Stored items
--

lemma gibbs_moment_Iic:
  assumes "b \<le> 0"
  shows "set_integrable lborel {..b} (\<lambda>y. \<bar>y\<bar> powr (\<alpha> - 1) * gibbs_weight \<alpha> y)"
    "(LBINT y:{..b}. \<bar>y\<bar> powr (\<alpha> - 1) * gibbs_weight \<alpha> y) = gibbs_weight \<alpha> b"
proof -
  have "(gibbs_weight \<alpha> has_real_derivative \<bar>y\<bar> powr (\<alpha> - 1) * gibbs_weight \<alpha> y) (at y)"
    if "y \<le> b" for y
    using gibbs_weight_has_real_derivative[of y] that assms by (cases "y = 0") (auto simp: sgn_if)
  then show "set_integrable lborel {..b} (\<lambda>y. \<bar>y\<bar> powr (\<alpha> - 1) * gibbs_weight \<alpha> y)"
    "(LBINT y:{..b}. \<bar>y\<bar> powr (\<alpha> - 1) * gibbs_weight \<alpha> y) = gibbs_weight \<alpha> b"
    using set_integral_Iic_FTC_nonneg[of b "gibbs_weight \<alpha>" _ 0] \<alpha> gibbs_weight_at_bot
      isCont_abs_powr[of "\<alpha> - 1"] isCont_gibbs_weight less_imp_le[OF gibbs_weight_pos]
    by auto
qed

lemma integrable_gibbs_weight: "integrable lborel (gibbs_weight \<alpha>)"
proof -
  have "gibbs_weight \<alpha> \<in> borel_measurable borel"
    using isCont_gibbs_weight
    by (intro borel_measurable_continuous_onI continuous_at_imp_continuous_on) auto
  then have meas: "set_borel_measurable lborel A (gibbs_weight \<alpha>)" if "A \<in> sets lborel" for A
    unfolding set_borel_measurable_def using that by measurable
  have le_moment: "norm (gibbs_weight \<alpha> y) \<le> norm (\<bar>y\<bar> powr (\<alpha> - 1) * gibbs_weight \<alpha> y)"
    if "\<bar>y\<bar> \<ge> 1" for y
    using \<alpha> ge_one_powr_ge_zero[OF that, of "\<alpha> - 1"] gibbs_weight_pos[of \<alpha> y]
    by (simp add: abs_mult)
  have "set_integrable lborel {1<..} (gibbs_weight \<alpha>)"
    by (rule set_integrable_bound[OF gibbs_moment_Ioi(1)[of 1] meas])
       (simp, simp, intro AE_I2 impI le_moment, simp)
  moreover have "set_integrable lborel {..-1} (gibbs_weight \<alpha>)"
    by (rule set_integrable_bound[OF gibbs_moment_Iic(1)[of "-1"] meas])
       (simp, simp, intro AE_I2 impI le_moment, simp)
  moreover have "set_integrable lborel {-1..1} (gibbs_weight \<alpha>)"
    unfolding set_integrable_def
    by (rule borel_integrable_compact) (auto intro: continuous_at_imp_continuous_on isCont_gibbs_weight)
  ultimately have "set_integrable lborel ({..-1} \<union> {-1..1} \<union> {1<..}) (gibbs_weight \<alpha>)"
    by (intro set_integrable_Un) auto
  moreover have "{..-1} \<union> {-1..1} \<union> {1<..} = (UNIV :: real set)" by auto
  ultimately show ?thesis by (simp add: set_integrable_def)
qed


lemma gibbs_mass_Iic_add_Ioi:
  "(LBINT y:{..x}. gibbs_weight \<alpha> y) + (LBINT y:{x<..}. gibbs_weight \<alpha> y) = Zc \<alpha>"
  using set_integral_Iic_add_Ioi[OF integrable_gibbs_weight] by (simp add: Zc_eq_integral)

lemma gibbs_mass_Iic_bounds:
  "0 < (LBINT y:{..x}. gibbs_weight \<alpha> y)" "(LBINT y:{..x}. gibbs_weight \<alpha> y) < Zc \<alpha>"
proof -
  have mono: "strict_mono (\<lambda>x. LBINT y:{..x}. gibbs_weight \<alpha> y)"
    by (rule strict_mono_set_integral_Iic[OF integrable_gibbs_weight isCont_gibbs_weight gibbs_weight_pos])
  have nonneg: "0 \<le> (LBINT y:A. gibbs_weight \<alpha> y)" for A
    by (rule set_integral_nonneg) (simp add: less_imp_le gibbs_weight_pos)
  show "0 < (LBINT y:{..x}. gibbs_weight \<alpha> y)"
    using strict_monoD[OF mono, of "x - 1" x] nonneg[of "{..x - 1}"] by simp
  show "(LBINT y:{..x}. gibbs_weight \<alpha> y) < Zc \<alpha>"
    using strict_monoD[OF mono, of x "x + 1"] nonneg[of "{x + 1<..}"] gibbs_mass_Iic_add_Ioi[of "x + 1"]
    by simp
qed

lemma Zc_pos: "Zc \<alpha> > 0"
  using gibbs_mass_Iic_bounds[of 0] by simp

lemma H_has_real_derivative: "(H \<alpha> has_real_derivative gibbs_weight \<alpha> x / Zc \<alpha>) (at x)"
  unfolding H_eq_set_integral[abs_def]
  by (intro DERIV_cdivide has_real_derivative_set_integral_Iic integrable_gibbs_weight isCont_gibbs_weight)

lemma inj_H: "inj (H \<alpha>)"
proof (rule strict_mono_imp_inj_on)
  show "strict_mono (H \<alpha>)"
    using strict_mono_set_integral_Iic[OF integrable_gibbs_weight isCont_gibbs_weight gibbs_weight_pos] Zc_pos
    by (simp add: strict_mono_def H_eq_set_integral divide_strict_right_mono)
qed

lemma H_bounds: "0 < H \<alpha> x" "H \<alpha> x < 1"
  using gibbs_mass_Iic_bounds[of x] Zc_pos by (simp_all add: H_eq_set_integral)

lemma Zc_mul_min_H:
  "Zc \<alpha> * min (H \<alpha> x) (1 - H \<alpha> x)
     = min (LBINT y:{..x}. gibbs_weight \<alpha> y) (LBINT y:{x<..}. gibbs_weight \<alpha> y)"
  using Zc_pos gibbs_mass_Iic_add_Ioi[of x]
  by (simp add: min_mult_distrib_left H_eq_set_integral right_diff_distrib)

lemma gibbs_mass_Ioi_le:
  assumes "x > 0"
  shows "(LBINT y:{x<..}. gibbs_weight \<alpha> y) \<le> gibbs_weight \<alpha> x / x powr (\<alpha> - 1)"
proof -
  have "(LBINT y:{x<..}. gibbs_weight \<alpha> y)
      \<le> (LBINT y:{x<..}. \<bar>y\<bar> powr (\<alpha> - 1) * gibbs_weight \<alpha> y / x powr (\<alpha> - 1))"
  proof (rule set_integral_mono)
    show "set_integrable lborel {x<..} (gibbs_weight \<alpha>)"
      by (simp add: set_integrable_of_integrable integrable_gibbs_weight)
    show "set_integrable lborel {x<..} (\<lambda>y. \<bar>y\<bar> powr (\<alpha> - 1) * gibbs_weight \<alpha> y / x powr (\<alpha> - 1))"
      using gibbs_moment_Ioi(1)[of x] assms by simp
  next
    fix y assume "y \<in> {x<..}"
    then have "x powr (\<alpha> - 1) \<le> \<bar>y\<bar> powr (\<alpha> - 1)"
      using assms \<alpha> by (intro powr_mono2) auto
    then show "gibbs_weight \<alpha> y \<le> \<bar>y\<bar> powr (\<alpha> - 1) * gibbs_weight \<alpha> y / x powr (\<alpha> - 1)"
      using assms gibbs_weight_pos[of \<alpha> y] by (simp add: field_simps)
  qed
  also have "\<dots> = gibbs_weight \<alpha> x / x powr (\<alpha> - 1)"
    using gibbs_moment_Ioi(2)[of x] assms by simp
  finally show ?thesis .
qed

lemma gibbs_mass_Iic_le:
  assumes "x < 0"
  shows "(LBINT y:{..x}. gibbs_weight \<alpha> y) \<le> gibbs_weight \<alpha> x / \<bar>x\<bar> powr (\<alpha> - 1)"
proof -
  have "(LBINT y:{..x}. gibbs_weight \<alpha> y)
      \<le> (LBINT y:{..x}. \<bar>y\<bar> powr (\<alpha> - 1) * gibbs_weight \<alpha> y / \<bar>x\<bar> powr (\<alpha> - 1))"
  proof (rule set_integral_mono)
    show "set_integrable lborel {..x} (gibbs_weight \<alpha>)"
      by (simp add: set_integrable_of_integrable integrable_gibbs_weight)
    show "set_integrable lborel {..x} (\<lambda>y. \<bar>y\<bar> powr (\<alpha> - 1) * gibbs_weight \<alpha> y / \<bar>x\<bar> powr (\<alpha> - 1))"
      using gibbs_moment_Iic(1)[of x] assms by simp
  next
    fix y assume "y \<in> {..x}"
    then have "\<bar>x\<bar> powr (\<alpha> - 1) \<le> \<bar>y\<bar> powr (\<alpha> - 1)"
      using assms \<alpha> by (intro powr_mono2) auto
    then show "gibbs_weight \<alpha> y \<le> \<bar>y\<bar> powr (\<alpha> - 1) * gibbs_weight \<alpha> y / \<bar>x\<bar> powr (\<alpha> - 1)"
      using assms gibbs_weight_pos[of \<alpha> y] by (simp add: field_simps)
  qed
  also have "\<dots> = gibbs_weight \<alpha> x / \<bar>x\<bar> powr (\<alpha> - 1)"
    using gibbs_moment_Iic(2)[of x] assms by simp
  finally show ?thesis .
qed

--

> BRIEF
Return the entries exactly through the "unfolding set_borel_measurable_def using" line.

> ANSWER AREA
lemma gibbs_moment_Iic:
  assumes "b \<le> 0"
  shows "set_integrable lborel {..b} (\<lambda>y. \<bar>y\<bar> powr (\<alpha> - 1) * gibbs_weight \<alpha> y)"
    "(LBINT y:{..b}. \<bar>y\<bar> powr (\<alpha> - 1) * gibbs_weight \<alpha> y) = gibbs_weight \<alpha> b"
proof -
  have "(gibbs_weight \<alpha> has_real_derivative \<bar>y\<bar> powr (\<alpha> - 1) * gibbs_weight \<alpha> y) (at y)"
    if "y \<le> b" for y
    using gibbs_weight_has_real_derivative[of y] that assms by (cases "y = 0") (auto simp: sgn_if)
  then show "set_integrable lborel {..b} (\<lambda>y. \<bar>y\<bar> powr (\<alpha> - 1) * gibbs_weight \<alpha> y)"
    "(LBINT y:{..b}. \<bar>y\<bar> powr (\<alpha> - 1) * gibbs_weight \<alpha> y) = gibbs_weight \<alpha> b"
    using set_integral_Iic_FTC_nonneg[of b "gibbs_weight \<alpha>" _ 0] \<alpha> gibbs_weight_at_bot
      isCont_abs_powr[of "\<alpha> - 1"] isCont_gibbs_weight less_imp_le[OF gibbs_weight_pos]
    by auto
qed

lemma integrable_gibbs_weight: "integrable lborel (gibbs_weight \<alpha>)"
proof -
  have "gibbs_weight \<alpha> \<in> borel_measurable borel"
    using isCont_gibbs_weight
    by (intro borel_measurable_continuous_onI continuous_at_imp_continuous_on) auto
  then have meas: "set_borel_measurable lborel A (gibbs_weight \<alpha>)" if "A \<in> sets lborel" for A
    unfolding set_borel_measurable_def using that by measurable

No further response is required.